This notebook creates a combined dataset that we can use to analyse spending on storing medical records in the NHS. The notebook:

- Collects all relevant releases from the [ERIC dataset](https://digital.nhs.uk/data-and-information/publications/statistical/estates-returns-information-collection) on medical records
- Tidies the data, adds a utility column for total spending, de-duplicates trusts with the same code
- Checks the data, and joins it into a single file.

For the data definitions, see e.g. [the 'ERIC 2023/24 - Data Definitions' file here](https://digital.nhs.uk/data-and-information/publications/statistical/estates-returns-information-collection/management-information---provisional-summary-figures-for-2023-24).

In [1]:
import os
import re
from urllib.parse import unquote, urlparse

import chardet
import numpy as np
import pandas as pd
import requests

First, fetch all the CSV files from the [published ERIC collection](https://digital.nhs.uk/data-and-information/publications/statistical/estates-returns-information-collection) and store them in a local directory.
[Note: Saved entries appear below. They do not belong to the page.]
(* Let $G$ be a LEF-group, $R$ a ring, $A$ an $R$-module, and $\sigma,\tau\in CA_{R\text{-mod}}(G,A)$. (1) If $A$ is a Noetherian $R$-module and $\tau$ is reversible, then $\tau^{-1}\in CA_{R\text{-mod}}(G,A)$. (2) If $\sigma\circ\tau=\mathrm{Id}$, then $\tau\circ\sigma=\mathrm{Id}$ in each of the following cases: (a) $A$ is a Noetherian $R$-module or an Artinian $R$-module; (b) $R$ is commutative and $A$ is a finitely generated $R$-module.
   Context: A group $G$ is LEF if every finite subset $S\subset G$ admits an injective map $\varphi\colon S\to H$ into some finite group $H$ with $\varphi(ab)=\varphi(a)\varphi(b)$ whenever $a,b,ab\in S$. $G$ acts on $A^G$ by $(gc)(h)=c(g^{-1}h)$; a cellular automaton is a map $\tau\colon A^G\to A^G$ with $(\tau(c))(g)=\mu((g^{-1}c)|_M)$ for some finite $M\subset G$ and map $\mu\colon A^M\to A$; it is reversible if it is bijective and its inverse is a cellular automaton. $CA_{R\text{-mod}}(G,A)$ is the set of cellular automata $\tau\colon A^G\to A^G$ admitting, for some finite memory set $M\subset G$, a local defining map $\mu\colon A^M\to A$ which is a homomorphism of $R$-modules. *)

theory Defs
  imports "HOL-Algebra.Group"
begin

text \<open>The group G is a type of class group_add (operation written +, not necessarily
commutative; inverse is uminus).
A is a type of class ab_group_add together with a scalar multiplication by the
unital ring 'r (class ring_1, not necessarily commutative).\<close>

definition LEF :: "'g::group_add itself \<Rightarrow> bool" where
  "LEF _ \<longleftrightarrow> (\<forall>S::'g set. finite S \<longrightarrow>
     (\<exists>(H::nat monoid) (\<phi>::'g \<Rightarrow> nat). group H \<and> finite (carrier H) \<and>
        \<phi> ` S \<subseteq> carrier H \<and> inj_on \<phi> S \<and>
        (\<forall>a\<in>S. \<forall>b\<in>S. a + b \<in> S \<longrightarrow> \<phi> (a + b) = \<phi> a \<otimes>\<^bsub>H\<^esub> \<phi> b)))"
As there are relatively few of these, we just store the links manually.

In [2]:
DATA_URLS = [
    'https://files.digital.nhs.uk/AF/F737A9/ERIC%20-%202023_24%20-%20Trust%20data.csv',
    'https://files.digital.nhs.uk/C7/C7C191/ERIC%20-%202023_24%20-%20Site%20data.csv',
    'https://files.digital.nhs.uk/FF/4DC8D8/ERIC%20-%202023_24%20-%20PFI%20data.csv',
    'https://files.digital.nhs.uk/FB/BE3AC8/ERIC%20-%20202223%20-%20Trust%20data.csv',
    'https://files.digital.nhs.uk/41/5787C9/ERIC%20-%202022_23%20-%20Site%20data.csv',
    'https://files.digital.nhs.uk/42/D5A005/ERIC%20-%202022_23%20-%20PFI%20data.csv',
    'https://files.digital.nhs.uk/08/84C46C/ERIC%20-%20202122%20-%20Trust%20data.csv',
    'https://files.digital.nhs.uk/EE/7E330D/ERIC%20-%20202122%20-%20Site%20Data%20v3.csv',
    'https://files.digital.nhs.uk/D3/D0DFD3/ERIC%20-%20202122%20-%20PFI%20data%20-%20v2.csv',
    'https://files.digital.nhs.uk/81/4A77B0/ERIC%20-%20202021%20-%20Trust%20data.csv',
    'https://files.digital.nhs.uk/0F/46F719/ERIC%20-%20202021%20-%20Site%20data%20v2.csv',
    'https://files.digital.nhs.uk/5F/4B00BC/ERIC%20-%20202021%20-%20PFI%20data.csv',
    'https://files.digital.nhs.uk/84/07227E/ERIC%20-%20201920%20-%20TrustData.csv',
    'https://files.digital.nhs.uk/11/BC1043/ERIC%20-%20201920%20-%20SiteData%20-%20v2.csv',
    'https://files.digital.nhs.uk/51/8C7C23/ERIC%20-%20201920%20-%20PFIData.csv',
    'https://files.digital.nhs.uk/83/4AF81B/ERIC%20-%20201819%20-%20TrustData%20v4.csv',
    'https://files.digital.nhs.uk/63/ADBFFF/ERIC%20-%20201819%20-%20SiteData%20v4.csv',
    'https://files.digital.nhs.uk/F6/791B8F/ERIC%20-%20201819%20-%20PFIData%20v3.csv',
    'https://files.digital.nhs.uk/1B/7C75CF/ERIC-201718-TrustData.csv',
    'https://files.digital.nhs.uk/A8/188D99/ERIC-201718-SiteData.csv',
    'https://files.digital.nhs.uk/09/928620/ERIC-201718-PFIData.csv'
]

# Fetch raw data 

Fetch files, formatting filenames consistently.

In [3]:
DATA_DIR = "./data/source/eric/"
for url in DATA_URLS:
    try:
        response = requests.get(url)
        response.raise_for_status()
        # Format filenames if necessary.
        filename = unquote(os.path.basename(urlparse(url).path))
        filename = filename.replace(" ", "-")
        if "_" in filename:
            parts = filename.split("_")
            filename = parts[0] + parts[1]
        with open(os.path.join(DATA_DIR, filename), 'wb') as f:
            f.write(response.content)
    except Exception as e:
        print(f"Failed to download {url}: {e}")

Make everything UTF-8.

In [4]:
csv_files = [f for f in os.listdir(DATA_DIR) if f.endswith('.csv')]
for filename in csv_files:
  filepath = os.path.join(DATA_DIR, filename)
  with open(filepath, 'rb') as f:
    rawdata = f.read()
  result = chardet.detect(rawdata)
  encoding = result["encoding"]
  if encoding != 'utf-8':
    try:
      with open(filepath, 'r', encoding=encoding) as f:
        data = f.read()
      with open(filepath, 'w', encoding='utf-8') as f:
        f.write(data)
    except Exception as e:
      print(f"Error converting {filename}: {e}")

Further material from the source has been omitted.